As equipes percorreram os municípios de Borba, Careiro Castanho, Humaitá, Lábrea, Pauini, Canutama e Tapauá, cobrindo Unidades de Conservação Federais e Estaduais como a RDS Igapoaçu, RESEX Ituxi, RESEX Médio Purus, RESEX Canutama, APA Jamanduá, Floresta Estadual de Canutama e a Reserva Biológica Abufari.

 

Também foram monitoradas e fiscalizadas 13 Terras Indígenas, entre elas Apurinã da Pedreira do Amazonas, Paumari do Lago Marahã, Jarawa/Jamamadi, Deni e Panamã, que abrigam diversas aldeias ribeirinhas.

 

Educação ambiental e fortalecimento de programas
Além do monitoramento de lagos e praias, a operação incluiu reuniões com ribeirinhos, extrativistas e indígenas para apresentar os Programas de Quelônios da Amazônia e Arapaima, esclarecendo dúvidas sobre manejo sustentável e sobre as sanções previstas para crimes ambientais.

 

Segundo Joel Araújo, muitos moradores desconheciam a legislação e acreditavam que multas do Ibama não resultavam em consequências legais, reforçando a importância do trabalho de educação ambiental realizado nas comunidades.

 

“Percebemos que a presença física do IBAMA é essencial para motivar as populações a permanecerem nos programas e evitarem crimes ambientais. Onde o poder público está ausente, cresce o risco de desmatamento, caça e pesca ilegal”, destacou o superintendente do Ibama.

 

Resultados da fiscalização

Durante as ações, foram apreendidos 335 quelônios (entre tartarugas, tracajás e iaçás), 3.324 ovos, 10 redes de pesca, três motores rabetas, três canoas e um barco.

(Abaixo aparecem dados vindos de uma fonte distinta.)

(* Let $K$ be a nilpotent group of class three, let $m\ge 2$ and let $y_1,\ldots,y_m$ be elements of $K$ which generate $K$ modulo $Z(K)$. Assume that $y_i^{2^{r_i}}\in Z(K)$ for each $i$, where $1\leq r_1\leq\cdots\leq r_{m-1}\leq r_m$ are integers. If there exist integers $0\leq\gamma_i<r_{m-1}$, $i=1,\ldots,m-1$, such that $[y_m,y_i]^{2^{\gamma_i}}$ commutes with both $y_i$ and $y_m$, then $y_m^{2^{r_{m-1}}}\in Z(K)$.
   Context: Commutators are $[x,y]=x^{-1}y^{-1}xy$, and are left-normed: $[x,y,z]=[[x,y],z]$. *)

theory Defs
  imports "HOL-Algebra.Algebra"
begin

definition comm :: "('a, 'b) monoid_scheme \<Rightarrow> 'a \<Rightarrow> 'a \<Rightarrow> 'a" where
  "comm G x y = inv\<^bsub>G\<^esub> x \<otimes>\<^bsub>G\<^esub> inv\<^bsub>G\<^esub> y \<otimes>\<^bsub>G\<^esub> x \<otimes>\<^bsub>G\<^esub> y"

definition center :: "('a, 'b) monoid_scheme \<Rightarrow> 'a set" where
  "center G = {z \<in> carrier G. \<forall>g \<in> carrier G. z \<otimes>\<^bsub>G\<^esub> g = g \<otimes>\<^bsub>G\<^esub> z}"

text \<open>Lower central series: lcs G 0 = G (= gamma_1), lcs G (Suc n) = [lcs G n, G].\<close>
fun lcs :: "('a, 'b) monoid_scheme \<Rightarrow> nat \<Rightarrow> 'a set" where
  "lcs G 0 = carrier G"
| "lcs G (Suc n) = generate G {comm G x y | x y. x \<in> lcs G n \<and> y \<in> carrier G}"

definition nilpotent_of_class :: "('a, 'b) monoid_scheme \<Rightarrow> nat \<Rightarrow> bool" where
  "nilpotent_of_class G c \<longleftrightarrow> lcs G c = {\<one>\<^bsub>G\<^esub>} \<and> lcs G (c - 1) \<noteq> {\<one>\<^bsub>G\<^esub>}"

end

theory Submission
  imports Defs
begin

text \<open>Put c = [y_m, y_i]. In class three every commutator [c, g] is central, so the
  Hall--Petresco formulas reduce to [b^n, a] = [b,a]^n [b,a,b]^(n choose 2) and
  [b, a^n] = [b,a]^n [b,a,a]^(n choose 2). As c^(2^gamma_i) commutes with y_i and y_m, both
  [c, y_m] and [c, y_i] have order dividing 2^gamma_i, which divides
  (2^s choose 2) * 2^(r_(m-1) - s) whenever 1 <= s <= r_(m-1). Hence
  [y_m^(2^r_(m-1)), y_i] = c^(2^r_(m-1)); and since y_i^(2^r_i) commutes with y_m,
  c^(2^r_i) = [c, y_i]^-(2^r_i choose 2), whose 2^(r_(m-1) - r_i)-th power is trivial.
  So y_m^(2^r_(m-1)) commutes with every y_i and is therefore central.\<close>

lemma Suc_choose_two: "Suc n choose 2 = n + (n choose 2)"
  by (simp add: numeral_2_eq_2)

lemma choose_two_pow2_mult_dvd:
  assumes "g < R" "1 \<le> s" "s \<le> R"
  shows "(2::nat) ^ g dvd (2 ^ s choose 2) * 2 ^ (R - s)"
proof -
  have "(2::nat) ^ s = 2 * 2 ^ (s - 1)"
    using assms(2) by (metis Suc_diff_le diff_Suc_1 power_Suc)
  then have "(2 ^ s choose 2) * 2 ^ (R - s) = 2 ^ (s - 1 + (R - s)) * (2 ^ s - 1::nat)"
    by (simp add: choose_two power_add)
  moreover have "(2::nat) ^ g dvd 2 ^ (s - 1 + (R - s))"
    using assms by (intro le_imp_power_dvd) linarith
  ultimately show ?thesis by simp
qed

lemma (in monoid) pow_eq_one_if_dvd:
  assumes "x \<in> carrier G" "x [^] (k::nat) = \<one>" "k dvd n"
  shows "x [^] n = \<one>"
  using assms by (metis dvdE nat_pow_one nat_pow_pow)

context group
begin

lemma mult_inv_cancel_left: "x \<in> carrier G \<Longrightarrow> y \<in> carrier G \<Longrightarrow> x \<otimes> (inv x \<otimes> y) = y"
  by (simp add: m_assoc[symmetric])

lemma inv_mult_cancel_left: "x \<in> carrier G \<Longrightarrow> y \<in> carrier G \<Longrightarrow> inv x \<otimes> (x \<otimes> y) = y"
  by (simp add: m_assoc[symmetric])

lemma comm_closed [simp]: "x \<in> carrier G \<Longrightarrow> y \<in> carrier G \<Longrightarrow> comm G x y \<in> carrier G"
  by (simp add: comm_def)

lemma comm_eq_one_iff:
  assumes "x \<in> carrier G" "y \<in> carrier G"
  shows "comm G x y = \<one> \<longleftrightarrow> x \<otimes> y = y \<otimes> x"
proof -
  have "comm G x y = inv (y \<otimes> x) \<otimes> (x \<otimes> y)"
    using assms by (simp add: comm_def m_assoc inv_mult_group)
  then show ?thesis
    using assms by (metis inv_closed inv_equality inv_inv m_closed r_inv)
qed

lemma comm_mult_left:
  "x \<in> carrier G \<Longrightarrow> y \<in> carrier G \<Longrightarrow> z \<in> carrier G \<Longrightarrow>
    comm G (x \<otimes> y) z = comm G x z \<otimes> comm G (comm G x z) y \<otimes> comm G y z"
  by (simp add: comm_def m_assoc inv_mult_group mult_inv_cancel_left inv_mult_cancel_left)

lemma comm_mult_right:
  "x \<in> carrier G \<Longrightarrow> y \<in> carrier G \<Longrightarrow> z \<in> carrier G \<Longrightarrow>
    comm G x (y \<otimes> z) = comm G x z \<otimes> comm G x y \<otimes> comm G (comm G x y) z"
  by (simp add: comm_def m_assoc inv_mult_group mult_inv_cancel_left inv_mult_cancel_left)

lemma commutes_with_generate:
  assumes "z \<in> carrier G" "S \<subseteq> carrier G" "\<forall>s\<in>S. z \<otimes> s = s \<otimes> z" "h \<in> generate G S"
  shows "z \<otimes> h = h \<otimes> z"
  using assms(4)
proof (induction rule: generate.induct)
  case one
  then show ?case using assms(1) by simp
next
  case (incl h)
  then show ?case using assms(3) by blast
next
  case (inv h)
  then have h: "h \<in> carrier G" using assms(2) by blast
  have "inv h \<otimes> (z \<otimes> h) \<otimes> inv h = inv h \<otimes> (h \<otimes> z) \<otimes> inv h"
    using inv assms(3) by simp
  then show ?case
    using h assms(1) by (simp add: m_assoc mult_inv_cancel_left inv_mult_cancel_left)
next
  case (eng h1 h2)
  have "h1 \<in> carrier G" "h2 \<in> carrier G"
    using eng(1,2) generate_in_carrier[OF assms(2)] by auto
  with eng assms(1) show ?case by (metis m_assoc)
qed

lemma mem_center_if_commutes_with_generators:
  assumes "z \<in> carrier G" "S \<subseteq> carrier G" "generate G (S \<union> center G) = carrier G"
    and "\<forall>s\<in>S. z \<otimes> s = s \<otimes> z"
  shows "z \<in> center G"
proof -
  have "S \<union> center G \<subseteq> carrier G"
    using assms(2) by (auto simp: center_def)
  moreover have "\<forall>s\<in>S \<union> center G. z \<otimes> s = s \<otimes> z"
    using assms(1,4) by (auto simp: center_def)
  ultimately have "\<forall>h\<in>carrier G. z \<otimes> h = h \<otimes> z"
    using commutes_with_generate[OF assms(1)] assms(3) by blast
  with assms(1) show ?thesis by (simp add: center_def)
qed

end

locale class_le3_group = group +
  assumes comm3_eq_one: "\<And>x y z w. x \<in> carrier G \<Longrightarrow> y \<in> carrier G \<Longrightarrow> z \<in> carrier G \<Longrightarrow>
    w \<in> carrier G \<Longrightarrow> comm G (comm G (comm G x y) z) w = \<one>"

lemma comm_mem_lcs_Suc: "x \<in> lcs G n \<Longrightarrow> y \<in> carrier G \<Longrightarrow> comm G x y \<in> lcs G (Suc n)"
  by (auto intro: generate.incl)

lemma nilpotent_of_class_3_imp_class_le3_group:
  fixes G (structure)
  assumes "group G" "nilpotent_of_class G 3"
  shows "class_le3_group G"
proof -
  interpret group G by fact
  show ?thesis
  proof
    fix x y z w
    assume "x \<in> carrier G" "y \<in> carrier G" "z \<in> carrier G" "w \<in> carrier G"
    then have "comm G (comm G (comm G x y) z) w \<in> lcs G (Suc (Suc (Suc 0)))"
      by (intro comm_mem_lcs_Suc) simp_all
    then show "comm G (comm G (comm G x y) z) w = \<one>"
      using assms(2) by (simp add: nilpotent_of_class_def numeral_3_eq_3)
  qed
qed

context class_le3_group
begin

lemma comm2_central:
  "x \<in> carrier G \<Longrightarrow> y \<in> carrier G \<Longrightarrow> z \<in> carrier G \<Longrightarrow> w \<in> carrier G \<Longrightarrow>
    comm G (comm G x y) z \<otimes> w = w \<otimes> comm G (comm G x y) z"
  using comm3_eq_one comm_eq_one_iff by simp

lemma comm2_pow_right:
  assumes "p \<in> carrier G" "q \<in> carrier G" "g \<in> carrier G"
  shows "comm G (comm G p q) (g [^] (n::nat)) = comm G (comm G p q) g [^] n"
proof (induction n)
  case 0
  show ?case using assms by (simp add: comm_def m_assoc)
next
  case (Suc n)
  have "comm G (comm G p q) (g [^] Suc n) = comm G (comm G p q) g \<otimes> comm G (comm G p q) (g [^] n)"
    using assms comm_mult_right[of "comm G p q" "g [^] n" g] comm3_eq_one by simp
  also have "\<dots> = comm G (comm G p q) g [^] Suc n"
    using Suc assms by (metis comm_closed nat_pow_Suc2)
  finally show ?case .
qed

lemma comm2_pow_left:
  assumes "p \<in> carrier G" "q \<in> carrier G" "g \<in> carrier G"
  shows "comm G (comm G p q [^] (n::nat)) g = comm G (comm G p q) g [^] n"
proof (induction n)
  case 0
  show ?case using assms by (simp add: comm_def m_assoc)
next
  case (Suc n)
  have "comm G (comm G p q [^] Suc n) g = comm G (comm G p q \<otimes> comm G p q [^] n) g"
    using assms by (metis comm_closed nat_pow_Suc2)
  also have "\<dots> = comm G (comm G p q) g \<otimes> comm G (comm G p q [^] n) g"
    using assms comm_mult_left[of "comm G p q" "comm G p q [^] n" g] comm3_eq_one by simp
  also have "\<dots> = comm G (comm G p q) g [^] Suc n"
    using Suc assms by (metis comm_closed nat_pow_Suc2)
  finally show ?case .
qed

lemma comm_pow_left:
  assumes "p \<in> carrier G" "g \<in> carrier G"
  shows "comm G (g [^] n) p = comm G g p [^] n \<otimes> comm G (comm G g p) g [^] (n choose 2)"
proof (induction n)
  case 0
  show ?case using assms by (simp add: comm_def m_assoc binomial_eq_0)
next
  case (Suc n)
  let ?c = "comm G g p"
  let ?e = "comm G ?c g"
  have "comm G (g [^] Suc n) p = comm G (g \<otimes> g [^] n) p"
    using assms by (metis nat_pow_Suc2)
  also have "\<dots> = ?c \<otimes> comm G ?c (g [^] n) \<otimes> comm G (g [^] n) p"
    using assms comm_mult_left by simp
  also have "\<dots> = ?c \<otimes> (comm G ?c (g [^] n) \<otimes> ?c [^] n) \<otimes> ?e [^] (n choose 2)"
    using assms Suc by (simp add: m_assoc)
  also have "\<dots> = ?c \<otimes> (?c [^] n \<otimes> comm G ?c (g [^] n)) \<otimes> ?e [^] (n choose 2)"
    using assms comm2_central by simp
  also have "\<dots> = (?c \<otimes> ?c [^] n) \<otimes> (?e [^] n \<otimes> ?e [^] (n choose 2))"
    using assms comm2_pow_right by (simp add: m_assoc)
  also have "\<dots> = ?c [^] Suc n \<otimes> ?e [^] (Suc n choose 2)"
    using assms by (metis Suc_choose_two comm_closed nat_pow_Suc2 nat_pow_mult)
  finally show ?case .
qed

lemma comm_pow_right:
  assumes "p \<in> carrier G" "g \<in> carrier G"
  shows "comm G p (g [^] n) = comm G p g [^] n \<otimes> comm G (comm G p g) g [^] (n choose 2)"
proof (induction n)
  case 0
  show ?case using assms by (simp add: comm_def m_assoc binomial_eq_0)
next
  case (Suc n)
  let ?c = "comm G p g"
  let ?f = "comm G ?c g"
  have "comm G p (g [^] Suc n) = comm G p (g \<otimes> g [^] n)"
    using assms by (metis nat_pow_Suc2)
  also have "\<dots> = comm G p (g [^] n) \<otimes> ?c \<otimes> comm G ?c (g [^] n)"
    using assms comm_mult_right by simp
  also have "\<dots> = ?c [^] n \<otimes> (?f [^] (n choose 2) \<otimes> ?c) \<otimes> ?f [^] n"
    using assms Suc comm2_pow_right by (simp add: m_assoc)
  also have "\<dots> = ?c [^] n \<otimes> (?c \<otimes> ?f [^] (n choose 2)) \<otimes> ?f [^] n"
    using assms comm2_central group_commutes_pow by simp
  also have "\<dots> = (?c [^] n \<otimes> ?c) \<otimes> (?f [^] n \<otimes> ?f [^] (n choose 2))"
    using assms by (simp add: m_assoc nat_pow_comm)
  also have "\<dots> = ?c [^] Suc n \<otimes> ?f [^] (Suc n choose 2)"
    using assms by (simp add: Suc_choose_two nat_pow_mult)
  finally show ?case .
qed

lemma comm2_pow_eq_one:
  assumes "p \<in> carrier G" "q \<in> carrier G" "g \<in> carrier G"
    and "comm G p q [^] (k::nat) \<otimes> g = g \<otimes> comm G p q [^] k"
  shows "comm G (comm G p q) g [^] k = \<one>"
  using assms comm_eq_one_iff[of "comm G p q [^] k" g] comm2_pow_left by simp

lemma pow_two_power_commutes:
  assumes a: "a \<in> carrier G" and b: "b \<in> carrier G"
    and a_pow: "a [^] (2::nat) ^ s \<otimes> b = b \<otimes> a [^] (2::nat) ^ s"
    and s: "1 \<le> s" "s \<le> R" and g: "g < R"
    and c_pow_a: "comm G b a [^] (2::nat) ^ g \<otimes> a = a \<otimes> comm G b a [^] (2::nat) ^ g"
    and c_pow_b: "comm G b a [^] (2::nat) ^ g \<otimes> b = b \<otimes> comm G b a [^] (2::nat) ^ g"
  shows "b [^] (2::nat) ^ R \<otimes> a = a \<otimes> b [^] (2::nat) ^ R"
proof -
  define c where "c = comm G b a"
  define e where "e = comm G c b"
  define f where "f = comm G c a"
  have c: "c \<in> carrier G" and e: "e \<in> carrier G" and f: "f \<in> carrier G"
    using a b by (simp_all add: c_def e_def f_def)
  have e_pow: "e [^] (2::nat) ^ g = \<one>"
    using comm2_pow_eq_one[OF b a b c_pow_b] by (simp add: c_def e_def)
  have f_pow: "f [^] (2::nat) ^ g = \<one>"
    using comm2_pow_eq_one[OF b a a c_pow_a] by (simp add: c_def f_def)
  have "comm G (b [^] (2::nat) ^ R) a = c [^] (2::nat) ^ R \<otimes> e [^] ((2::nat) ^ R choose 2)"
    using comm_pow_left[OF a b] by (simp add: c_def e_def)
  also have "e [^] ((2::nat) ^ R choose 2) = \<one>"
    using pow_eq_one_if_dvd[OF e e_pow] choose_two_pow2_mult_dvd[of g R R] s g by simp
  finally have comm_b_pow: "comm G (b [^] (2::nat) ^ R) a = c [^] (2::nat) ^ R"
    using c by simp
  have "c [^] (2::nat) ^ s \<otimes> f [^] ((2::nat) ^ s choose 2) = comm G b (a [^] (2::nat) ^ s)"
    using comm_pow_right[OF b a] by (simp add: c_def f_def)
  also have "\<dots> = \<one>"
    using comm_eq_one_iff[of b "a [^] (2::nat) ^ s"] a b a_pow by simp
  finally have "c [^] (2::nat) ^ s = inv (f [^] ((2::nat) ^ s choose 2))"
    using c f by (metis inv_equality nat_pow_closed inv_inv)
  moreover have "c [^] (2::nat) ^ R = (c [^] (2::nat) ^ s) [^] (2::nat) ^ (R - s)"
    using c s by (simp add: nat_pow_pow power_add[symmetric])
  ultimately have "c [^] (2::nat) ^ R = inv (f [^] (((2::nat) ^ s choose 2) * 2 ^ (R - s)))"
    using f by (simp add: nat_pow_pow nat_pow_inv)
  also have "f [^] (((2::nat) ^ s choose 2) * 2 ^ (R - s)) = \<one>"
    using pow_eq_one_if_dvd[OF f f_pow] choose_two_pow2_mult_dvd[OF g s] by simp
  finally have "comm G (b [^] (2::nat) ^ R) a = \<one>"
    using comm_b_pow by simp
  then show ?thesis
    using comm_eq_one_iff a b by simp
qed

end

theorem lemma2p4:
  fixes K (structure) and m :: nat and y :: "nat \<Rightarrow> 'a" and r :: "nat \<Rightarrow> nat"
    and \<gamma> :: "nat \<Rightarrow> nat"
  assumes "group K"
    and "nilpotent_of_class K 3"
    and "m \<ge> 2"
    and "\<forall>i\<in>{1..m}. y i \<in> carrier K"
    and "generate K (y ` {1..m} \<union> center K) = carrier K"
    and "\<forall>i\<in>{1..m}. y i [^] ((2::nat) ^ r i) \<in> center K"
    and "\<forall>i\<in>{1..m}. 1 \<le> r i"
    and "\<forall>i j. 1 \<le> i \<and> i \<le> j \<and> j \<le> m \<longrightarrow> r i \<le> r j"
    and "\<forall>i\<in>{1..m-1}. \<gamma> i < r (m - 1)"
    and "\<forall>i\<in>{1..m-1}.
           comm K (y m) (y i) [^] ((2::nat) ^ \<gamma> i) \<otimes> y i = y i \<otimes> comm K (y m) (y i) [^] ((2::nat) ^ \<gamma> i)
         \<and> comm K (y m) (y i) [^] ((2::nat) ^ \<gamma> i) \<otimes> y m = y m \<otimes> comm K (y m) (y i) [^] ((2::nat) ^ \<gamma> i)"
  shows "y m [^] ((2::nat) ^ r (m - 1)) \<in> center K"
proof -
  interpret class_le3_group K
    using assms(1,2) by (rule nilpotent_of_class_3_imp_class_le3_group)
  have y: "y i \<in> carrier K" if "i \<in> {1..m}" for i
    using assms(4) that by blast
  have "y m \<in> carrier K"
    using y assms(3) by simp
  moreover have "y m [^] (2::nat) ^ r (m - 1) \<otimes> y i = y i \<otimes> y m [^] (2::nat) ^ r (m - 1)"
    if i: "i \<in> {1..m}" for i
  proof (cases "i = m")
    case True
    with \<open>y m \<in> carrier K\<close> show ?thesis by (simp add: group_commutes_pow)
  next
    case False
    with i have "i \<in> {1..m-1}" by auto
    moreover have "y i [^] (2::nat) ^ r i \<otimes> y m = y m \<otimes> y i [^] (2::nat) ^ r i"
      using assms(6) i \<open>y m \<in> carrier K\<close> by (auto simp: center_def)
    ultimately show ?thesis
      using assms(7-10) i
      by (intro pow_two_power_commutes[OF y[OF i] \<open>y m \<in> carrier K\<close>, where g = "\<gamma> i"]) auto
  qed
  ultimately show ?thesis
    using assms(4,5) by (intro mem_center_if_commutes_with_generators[where S = "y ` {1..m}"]) auto
qed

end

As fiscalizações também coibiram a pesca predatória de espécies abaixo do tamanho mínimo, a caça de animais silvestres e a extração ilegal de madeira.

 

Expansão para novas áreas
A missão também levou informações e incentivo à criação de novos núcleos dos programas em comunidades e aldeias onde ainda não havia manejo de quelônios ou pirarucu. O Ibama já iniciou tratativas com a Funai e o ICMBio para consolidar a expansão dessas iniciativas em regiões prioritárias.

 

A experiência reforça que ações conjuntas de monitoramento e fiscalização ambiental são fundamentais para proteger a biodiversidade amazônica, garantindo a participação das populações locais e a preservação de espécies ameaçadas como o pirarucu e os quelônios.

 

“Temos os mesmos objetivos de conservação da natureza e a otimização da logística traz melhores resultados que se refletem em melhorias para as comunidades na Amazônia”, afirmou o superintendente do Ibama, Joel Araújo.

 

Fonte: Divulgação Ibama-AM.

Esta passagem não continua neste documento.